(Dataset excerpts)

lemma tail_sum_pos:
  assumes "valid_prob K p" "1 \<le> i" "i \<le> K"
  shows "0 < (\<Sum>j=i..K. p j)"
  using assms unfolding valid_prob_def by (intro sum_pos) auto

lemma hazard_eq_one_minus_tail_ratio:
  assumes "valid_prob K p" "1 \<le> i" "i < K"
  shows "p i / (\<Sum>j=i..K. p j) = 1 - (\<Sum>j=Suc i..K. p j) / (\<Sum>j=i..K. p j)"
proof -
  have "0 < (\<Sum>j=i..K. p j)" using assms by (intro tail_sum_pos) auto
  thus ?thesis using \<open>i < K\<close> by (simp add: sum.atLeast_Suc_atMost field_simps)
qed

lemma sum_hazard_le:
  fixes q :: real
  assumes p: "valid_prob K p" and t: "1 \<le> t" "t \<le> K"
    and "0 < q" "q < 1" and tail_t: "q ^ (K - 1) \<le> (\<Sum>j=t..K. p j)"
  shows "(\<Sum>i=1..t-1. p i / (\<Sum>j=i..K. p j)) \<le> real (K - 1) * (1 - q)"
proof -
  define S where "S i = (\<Sum>j=i..K. p j)" for i
  have "(\<Sum>i=1..t-1. p i / S i) = (\<Sum>i=1..t-1. 1 - S (Suc i) / S i)"
    using t by (intro sum.cong) (auto simp: S_def intro!: hazard_eq_one_minus_tail_ratio[OF p])
  also have "\<dots> \<le> real (K - 1) * (1 - q)"
  proof (rule sum_one_minus_ratio_le)
    show "0 < S i" if "1 \<le> i" "i \<le> Suc (t - 1)" for i
      using that t unfolding S_def by (intro tail_sum_pos[OF p]) auto
    have "S 1 = 1" using p by (simp add: S_def valid_prob_def)
    thus "q ^ (K - 1) * S 1 \<le> S (Suc (t - 1))" using tail_t t by (simp add: S_def)
  qed (use t \<open>0 < q\<close> \<open>q < 1\<close> in auto)
  finally show ?thesis by (simp add: S_def)
qed

lemma opt_index_optimal:
  assumes "1 \<le> K"
  shows "opt_index K x p \<in> {1..K}"
    and "\<And>k. k \<in> {1..K} \<Longrightarrow> rev_obj K x p k \<le> rev_obj K x p (opt_index K x p)"
proof -
  define M where "M = {i \<in> {1..K}. \<forall>k\<in>{1..K}. rev_obj K x p k \<le> rev_obj K x p i}"
  have "Max (rev_obj K x p ` {1..K}) \<in> rev_obj K x p ` {1..K}"
    using assms by (intro Max_in) auto
  then obtain i where "i \<in> {1..K}" "rev_obj K x p i = Max (rev_obj K x p ` {1..K})"
    by auto
  hence "i \<in> M" by (auto simp: M_def)
  hence "Max M \<in> M" by (intro Max_in) (auto simp: M_def)
  moreover have "opt_index K x p = Max M" by (simp add: opt_index_def M_def)
  ultimately show "opt_index K x p \<in> {1..K}"
    and "\<And>k. k \<in> {1..K} \<Longrightarrow> rev_obj K x p k \<le> rev_obj K x p (opt_index K x p)"
    by (auto simp: M_def)
qed

lemma valid_vals_mono:
  assumes "valid_vals r K x" "i \<in> {1..K}" "j \<in> {1..K}" "i \<le> j"
  shows "x i \<le> x j"
  using assms unfolding valid_vals_def by (cases "i = j") (auto intro: less_imp_le)

lemma valid_vals_pos:
  assumes "valid_vals r K x" "i \<in> {1..K}"
  shows "0 < x i"
  using valid_vals_mono[OF assms(1), of 1 i] assms unfolding valid_vals_def by auto

lemma tail_at_opt_index_ge:
  assumes x: "valid_vals r K x" and p: "valid_prob K p" and "1 \<le> K"
  shows "1 / r \<le> (\<Sum>j=opt_index K x p..K. p j)"
proof -
  define t where "t = opt_index K x p"
  define S where "S = (\<Sum>j=t..K. p j)"
  have t: "t \<in> {1..K}" using opt_index_optimal(1)[OF \<open>1 \<le> K\<close>] by (simp add: t_def)
  have "S > 0" using t unfolding S_def by (intro tail_sum_pos[OF p]) auto
  have "x 1 = rev_obj K x p 1" using p by (simp add: rev_obj_def valid_prob_def)
  also have "\<dots> \<le> x t * S"
    using opt_index_optimal(2)[of K 1] \<open>1 \<le> K\<close> by (simp add: t_def S_def rev_obj_def)
  also have "\<dots> \<le> r * x 1 * S"
    using valid_vals_mono[OF x t, of K] x t \<open>S > 0\<close> \<open>1 \<le> K\<close>
    by (intro mult_right_mono) (auto simp: valid_vals_def)
  finally have "1 \<le> r * S"
    using valid_vals_pos[OF x, of 1] \<open>1 \<le> K\<close> by (simp add: mult.assoc)
  moreover from this have "0 < r" using \<open>S > 0\<close> by (smt (verit) mult_nonpos_nonneg)
  ultimately show ?thesis by (simp add: S_def t_def divide_le_eq mult.commute)
qed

Task details: Restating every entry above word for word is the whole task.

Your solution:
lemma tail_sum_pos:
  assumes "valid_prob K p" "1 \<le> i" "i \<le> K"
  shows "0 < (\<Sum>j=i..K. p j)"
  using assms unfolding valid_prob_def by (intro sum_pos) auto

lemma hazard_eq_one_minus_tail_ratio:
  assumes "valid_prob K p" "1 \<le> i" "i < K"
  shows "p i / (\<Sum>j=i..K. p j) = 1 - (\<Sum>j=Suc i..K. p j) / (\<Sum>j=i..K. p j)"
proof -
  have "0 < (\<Sum>j=i..K. p j)" using assms by (intro tail_sum_pos) auto
  thus ?thesis using \<open>i < K\<close> by (simp add: sum.atLeast_Suc_atMost field_simps)
qed

lemma sum_hazard_le:
  fixes q :: real
  assumes p: "valid_prob K p" and t: "1 \<le> t" "t \<le> K"
    and "0 < q" "q < 1" and tail_t: "q ^ (K - 1) \<le> (\<Sum>j=t..K. p j)"
  shows "(\<Sum>i=1..t-1. p i / (\<Sum>j=i..K. p j)) \<le> real (K - 1) * (1 - q)"
proof -
  define S where "S i = (\<Sum>j=i..K. p j)" for i
  have "(\<Sum>i=1..t-1. p i / S i) = (\<Sum>i=1..t-1. 1 - S (Suc i) / S i)"
    using t by (intro sum.cong) (auto simp: S_def intro!: hazard_eq_one_minus_tail_ratio[OF p])
  also have "\<dots> \<le> real (K - 1) * (1 - q)"
  proof (rule sum_one_minus_ratio_le)
    show "0 < S i" if "1 \<le> i" "i \<le> Suc (t - 1)" for i
      using that t unfolding S_def by (intro tail_sum_pos[OF p]) auto
    have "S 1 = 1" using p by (simp add: S_def valid_prob_def)
    thus "q ^ (K - 1) * S 1 \<le> S (Suc (t - 1))" using tail_t t by (simp add: S_def)
  qed (use t \<open>0 < q\<close> \<open>q < 1\<close> in auto)
  finally show ?thesis by (simp add: S_def)
qed

lemma opt_index_optimal:
  assumes "1 \<le> K"
  shows "opt_index K x p \<in> {1..K}"
    and "\<And>k. k \<in> {1..K} \<Longrightarrow> rev_obj K x p k \<le> rev_obj K x p (opt_index K x p)"
proof -
  define M where "M = {i \<in> {1..K}. \<forall>k\<in>{1..K}. rev_obj K x p k \<le> rev_obj K x p i}"
  have "Max (rev_obj K x p ` {1..K}) \<in> rev_obj K x p ` {1..K}"
    using assms by (intro Max_in) auto
  then obtain i where "i \<in> {1..K}" "rev_obj K x p i = Max (rev_obj K x p ` {1..K})"
    by auto
  hence "i \<in> M" by (auto simp: M_def)
  hence "Max M \<in> M" by (intro Max_in) (auto simp: M_def)
  moreover have "opt_index K x p = Max M" by (simp add: opt_index_def M_def)
  ultimately show "opt_index K x p \<in> {1..K}"
    and "\<And>k. k \<in> {1..K} \<Longrightarrow> rev_obj K x p k \<le> rev_obj K x p (opt_index K x p)"
    by (auto simp: M_def)
qed

lemma valid_vals_mono:
  assumes "valid_vals r K x" "i \<in> {1..K}" "j \<in> {1..K}" "i \<le> j"
  shows "x i \<le> x j"
  using assms unfolding valid_vals_def by (cases "i = j") (auto intro: less_imp_le)

lemma valid_vals_pos:
  assumes "valid_vals r K x" "i \<in> {1..K}"
  shows "0 < x i"
  using valid_vals_mono[OF assms(1), of 1 i] assms unfolding valid_vals_def by auto

lemma tail_at_opt_index_ge:
  assumes x: "valid_vals r K x" and p: "valid_prob K p" and "1 \<le> K"
  shows "1 / r \<le> (\<Sum>j=opt_index K x p..K. p j)"
proof -
  define t where "t = opt_index K x p"
  define S where "S = (\<Sum>j=t..K. p j)"
  have t: "t \<in> {1..K}" using opt_index_optimal(1)[OF \<open>1 \<le> K\<close>] by (simp add: t_def)
  have "S > 0" using t unfolding S_def by (intro tail_sum_pos[OF p]) auto
  have "x 1 = rev_obj K x p 1" using p by (simp add: rev_obj_def valid_prob_def)
  also have "\<dots> \<le> x t * S"
    using opt_index_optimal(2)[of K 1] \<open>1 \<le> K\<close> by (simp add: t_def S_def rev_obj_def)
  also have "\<dots> \<le> r * x 1 * S"
    using valid_vals_mono[OF x t, of K] x t \<open>S > 0\<close> \<open>1 \<le> K\<close>
    by (intro mult_right_mono) (auto simp: valid_vals_def)
  finally have "1 \<le> r * S"
    using valid_vals_pos[OF x, of 1] \<open>1 \<le> K\<close> by (simp add: mult.assoc)
  moreover from this have "0 < r" using \<open>S > 0\<close> by (smt (verit) mult_nonpos_nonneg)
  ultimately show ?thesis by (simp add: S_def t_def divide_le_eq mult.commute)
qed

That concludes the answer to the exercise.